Sunday, July 21, 2013

Drumroll Please......

The winner is.....Mini IVF!! I had pretty mixed feelings about both of the different treatment arms, but overall, am really thrilled that this is the route we are going.  My primary fears with conventional IVF were the multitude of shots and the amount of drugs that I would be pumping into my system.  That said, I also appreciated the long history of success with conventional IVF, and the  fact that I would have had a fresh transfer, likely more embryos to freeze, and two transferred. Mini IVF is a different ballgame. While it is relatively new in terms of treatment, the clinic and Dr's I am working with have really pioneered  this technology, so I feel that I am in excellent hands.

The appointment:
Last Tuesday I went in to the clinic at 8:00 am to turn over all of my screening results and medical records from my previous clinic. I also had a blood draw, ultrasound and pap. Dr.Z, the RE who has spent his career researching and perfecting Mini IVF, and who is running the study, is the Dr.who completed  my exam. He was so friendly and made me feel so comfortable, which put my mind at ease going into the randomization.  After all that was done, I went to work and tried to get stuff done for several hours until I was supposed to go back in the afternoon to find out what study arm I would be participating in. Let me tell you - shit wasn't gettin' done. It was a weird situation in which I felt like I was at that stage of drunkenness where I was slap- happy, but sure that serious trouble was right around the corner. Is that just me?

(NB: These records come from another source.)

lemma mate_edge_is_lift:
  assumes i: "i < k" and j: "j < k" and r: "r < 6"
  shows "a_mate j r = Old i u \<Longrightarrow> \<exists>f\<in>cover_matching i r. u \<in> f \<and> {Av j, Old i u} = lift i f"
    and "b_mate j r = Old i u \<Longrightarrow> \<exists>f\<in>cover_matching i r. u \<in> f \<and> {Bv j, Old i u} = lift i f"
proof -
  show "\<exists>f\<in>cover_matching i r. u \<in> f \<and> {Av j, Old i u} = lift i f" if "a_mate j r = Old i u"
  proof -
    from that consider "y_end j r = 0" "i = j" "u = y0 i" | "x_end j r = 0" "j = prev i" "u = x0 i"
      unfolding a_mate_eq_Old using next_eq_iff_prev[OF i j] by auto
    then show ?thesis
    proof cases
      case 1
      then show ?thesis using y_end_iff[OF i r] lift_simps(3)[OF i] by (intro bexI[of _ "{y i, y0 i}"]) auto
    next
      case 2
      then have "{x i, x0 i} \<in> cover_matching i r" using x_end_iff[OF j r] next_eq_iff_prev[OF i j] by auto
      then show ?thesis using 2 lift_simps(1)[OF i] by (intro bexI[of _ "{x i, x0 i}"]) auto
    qed
  qed
  show "\<exists>f\<in>cover_matching i r. u \<in> f \<and> {Bv j, Old i u} = lift i f" if "b_mate j r = Old i u"
  proof -
    from that consider "y_end j r = 1" "i = j" "u = y1 i" | "x_end j r = 1" "j = prev i" "u = x1 i"
      unfolding b_mate_eq_Old using next_eq_iff_prev[OF i j] by auto
    then show ?thesis
    proof cases
      case 1
      then show ?thesis using y_end_iff[OF i r] lift_simps(4)[OF i] by (intro bexI[of _ "{y i, y1 i}"]) auto
    next
      case 2
      then have "{x i, x1 i} \<in> cover_matching i r" using x_end_iff[OF j r] next_eq_iff_prev[OF i j] by auto
      then show ?thesis using 2 lift_simps(2)[OF i] by (intro bexI[of _ "{x i, x1 i}"]) auto
    qed
  qed
qed

lemma glued_matching_at_Old:
  assumes i: "i < k" and r: "r < 6" and e: "e \<in> glued_matching r" "Old i u \<in> e"
  shows "\<exists>f\<in>cover_matching i r. u \<in> f \<and> e = lift i f"
proof -
  have "e \<notin> tree_edges (r div 2)" using e(2) by (auto dest: tree_edge_vertices)
  then consider "e \<in> old_edges r" | j where "j < k" "e = {Av j, a_mate j r}" | j where "j < k" "e = {Bv j, b_mate j r}"
    using e(1) unfolding glued_matching_def gadget_edges_def by blast
  then show ?thesis
  proof cases
    case 1
    then obtain i' f where "i' < k" "f \<in> cover_matching i' r" "x i' \<notin> f" "y i' \<notin> f" "e = Old i' ` f"
      unfolding old_edges_def by blast
    moreover from this have "i' = i" "u \<in> f" using e(2) by auto
    ultimately show ?thesis using lift_simps(5)[OF i] by blast
  next
    case (2 j)
    then have "a_mate j r = Old i u" using e(2) by auto
    with 2 show ?thesis using mate_edge_is_lift(1)[OF i \<open>j < k\<close> r] by simp
  next
    case (3 j)
    then have "b_mate j r = Old i u" using e(2) by auto
    with 3 show ?thesis using mate_edge_is_lift(2)[OF i \<open>j < k\<close> r] by simp
  qed
qed

lemma Old_unique:
  assumes i: "i < k" and r: "r < 6" and u: "u \<in> V i" "u \<noteq> x i" "u \<noteq> y i"
  shows "\<exists>!e. e \<in> glued_matching r \<and> Old i u \<in> e"
proof -
  have pm: "perfect_matching (V i) (E i) (cover_matching i r)" using cover_matching_perfect[OF i r] .
  obtain f where f: "f \<in> cover_matching i r" "u \<in> f" using perfect_matching_edge_exists[OF pm u(1)] by blast
  show ?thesis
  proof (rule ex1I[of _ "lift i f"])
    show "lift i f \<in> glued_matching r \<and> Old i u \<in> lift i f"
      using lift_in_glued_matching[OF i r f u(2,3)] Old_in_lift[OF f(2) u(2,3)] by blast
    show "e = lift i f" if "e \<in> glued_matching r \<and> Old i u \<in> e" for e
      using glued_matching_at_Old[OF i r] that perfect_matching_edge_unique[OF pm u(1) _ f(1) _ f(2)] by blast
  qed
qed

In any case, I went back in the afternoon, and the research coordinator pulled a numbered envelope out of a locked file cabinet, and ceremoniously waved it in the air before slicing it open and pulling out my fate. After learning about my treatment, the research coordinator got me all of my prescriptions for my meds and sent me on my way.

The treatment:
Starting that day, I began birth control pills (which seems hilariously counter-intuitive). I will be taking Generess for 14 days total, and 2 days after my last pill (July 31st), I will go in for another exam and begin  Clomid for 14 days, with the addition of 1-3 Follitism injections.  Beginning at day 10 of my cycle, I will have daily ultrasounds to monitor my follicles and best determine how to time the egg retrieval. When all looks good, I will use Syranel (nasal spray) to induce ovulation, and then will go in with DH to collect a semen sample, and retrieve the eggs. They said this should be around mid-August. Typically with Mini IVF, there are 5-7 eggs retrieved, but the hypothesis is that they are typically of an excellent quality.(Fingers crossed!)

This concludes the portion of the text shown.